_Exercise prompt_
Once the line with "Y \<in> measurable M (count_space UNIV) \<and>" is found in the data, output it and each following line exactly, up to and including the line with "gives \<open>P(S \<le>", and nothing before or after.

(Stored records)

•••

(* Let $N\ge1$ and let $Y_1,\dots,Y_N$ be independent random variables, where $Y_i$ is geometrically distributed with success probability $p_i\in(0,1]$. Then $$\mathbb{P}\Big(\sum_{i=1}^NY_i>\frac{N^2}{4\sum_{i=1}^Np_i}\Big)\ge1-\frac{16}{9N}.$$
   Context: A random variable $Y$ is geometric with success probability $p$ if $\mathbb{P}(Y=s)=(1-p)^{s-1}p$ for $s=1,2,\dots$. *)

theory Defs
  imports "HOL-Probability.Probability"
begin

definition geometric_rv :: "'a measure \<Rightarrow> real \<Rightarrow> ('a \<Rightarrow> nat) \<Rightarrow> bool" where
  "geometric_rv M p Y \<longleftrightarrow>
     Y \<in> measurable M (count_space UNIV) \<and>
     (\<forall>s::nat. s \<ge> 1 \<longrightarrow> measure M {x \<in> space M. Y x = s} = (1 - p) ^ (s - 1) * p)"

end

theory Submission
  imports Defs
begin

text \<open>A Chernoff bound for the lower tail. For \<open>0 < z \<le> 1\<close>, Markov's inequality for \<open>z^S\<close>
  gives \<open>P(S \<le> t) \<le> z^(-t) E[z^S]\<close>, and by independence \<open>E[z^S]\<close> is the product of the
  generating functions \<open>p\<^sub>i z / (1 - (1 - p\<^sub>i) z)\<close>. With \<open>P = \<Sigma> p\<^sub>i\<close> and
  \<open>z = N / (N + P)\<close> the factors become \<open>a\<^sub>i / (1 + a\<^sub>i)\<close>, where the \<open>a\<^sub>i = N p\<^sub>i / P\<close>
  sum to \<open>N\<close>; since \<open>1 + a \<ge> 2 \<surd>a\<close> and \<open>\<Pi> a\<^sub>i \<le> 1\<close> by AM-GM, their product is at most
  \<open>2^(-N)\<close>. For \<open>t = N^2 / (4 P)\<close> also \<open>z^(-t) \<le> exp (t P / N) = e^(N/4)\<close>, hence
  \<open>P(S \<le> t) \<le> (e^(1/4) / 2)^N \<le> (2/3)^N \<le> 16 / (9 N)\<close>.\<close>

lemma suminf_ennreal_geometric:
  fixes c q :: real
  assumes "0 \<le> c" "0 \<le> q" "q < 1"
  shows "(\<Sum>s. ennreal (c * q ^ s)) = ennreal (c / (1 - q))"
proof -
  have "(\<Sum>s. ennreal (c * q ^ s)) = ennreal (\<Sum>s. c * q ^ s)"
    using assms by (intro suminf_ennreal2) (auto intro!: summable_mult summable_geometric)
  also have "(\<Sum>s. c * q ^ s) = c / (1 - q)"
    using assms by (simp add: suminf_mult suminf_geometric divide_inverse)
  finally show ?thesis .
qed

lemma suminf_ennreal_split_head:
  fixes f :: "nat \<Rightarrow> ennreal"
  shows "(\<Sum>s. f s) = (\<Sum>s. f (Suc s)) + f 0"
  using suminf_offset[of f 1, OF summableI] by simp

lemma nn_integral_nat_valued:
  fixes f :: "nat \<Rightarrow> ennreal"
  assumes [measurable]: "X \<in> measurable M (count_space UNIV)"
  shows "(\<integral>\<^sup>+x. f (X x) \<partial>M) = (\<Sum>s. f s * emeasure M {x\<in>space M. X x = s})"
proof -
  have "(\<integral>\<^sup>+x. f (X x) \<partial>M) = (\<integral>\<^sup>+x. (\<Sum>s. f s * indicator {x\<in>space M. X x = s} x) \<partial>M)"
  proof (rule nn_integral_cong)
    fix x assume "x \<in> space M"
    then have "(\<Sum>s. f s * indicator {x\<in>space M. X x = s} x) = (\<Sum>s\<in>{X x}. f s * indicator {x\<in>space M. X x = s} x)"
      by (intro suminf_finite) (auto simp: indicator_def)
    with \<open>x \<in> space M\<close> show "f (X x) = (\<Sum>s. f s * indicator {x\<in>space M. X x = s} x)"
      by simp
  qed
  also have "\<dots> = (\<Sum>s. \<integral>\<^sup>+x. f s * indicator {x\<in>space M. X x = s} x \<partial>M)"
    by (intro nn_integral_suminf) measurable
  also have "\<dots> = (\<Sum>s. f s * emeasure M {x\<in>space M. X x = s})"
    by (intro suminf_cong nn_integral_cmult_indicator) measurable
  finally show ?thesis .
qed

lemma (in prob_space) geometric_rv_null_at_0:
  assumes "geometric_rv M p Y" "0 < p" "p \<le> 1"
  shows "emeasure M {x\<in>space M. Y x = 0} = 0"
proof -
  have [measurable]: "Y \<in> measurable M (count_space UNIV)"
    and pmf: "\<And>s. measure M {x\<in>space M. Y x = Suc s} = (1 - p) ^ s * p"
    using assms(1) unfolding geometric_rv_def by auto
  \<comment> \<open>the masses at \<open>s \<ge> 1\<close> already add up to \<open>1\<close>\<close>
  have "1 + 0 = (\<integral>\<^sup>+x. 1 \<partial>M)"
    by (simp add: emeasure_space_1)
  also have "\<dots> = (\<Sum>s. emeasure M {x\<in>space M. Y x = s})"
    using nn_integral_nat_valued[of Y M "\<lambda>_. 1"] by simp
  also have "\<dots> = (\<Sum>s. emeasure M {x\<in>space M. Y x = Suc s}) + emeasure M {x\<in>space M. Y x = 0}"
    by (rule suminf_ennreal_split_head)
  also have "(\<Sum>s. emeasure M {x\<in>space M. Y x = Suc s}) = (\<Sum>s. ennreal (p * (1 - p) ^ s))"
    by (simp add: emeasure_eq_measure pmf mult.commute)
  also have "\<dots> = 1"
    using assms by (subst suminf_ennreal_geometric) auto
  finally show ?thesis
    unfolding ennreal_add_left_cancel by simp
qed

•••

_Problem solution_
     Y \<in> measurable M (count_space UNIV) \<and>
     (\<forall>s::nat. s \<ge> 1 \<longrightarrow> measure M {x \<in> space M. Y x = s} = (1 - p) ^ (s - 1) * p)"

end

theory Submission
  imports Defs
begin

text \<open>A Chernoff bound for the lower tail. For \<open>0 < z \<le> 1\<close>, Markov's inequality for \<open>z^S\<close>
  gives \<open>P(S \<le> t) \<le> z^(-t) E[z^S]\<close>, and by independence \<open>E[z^S]\<close> is the product of the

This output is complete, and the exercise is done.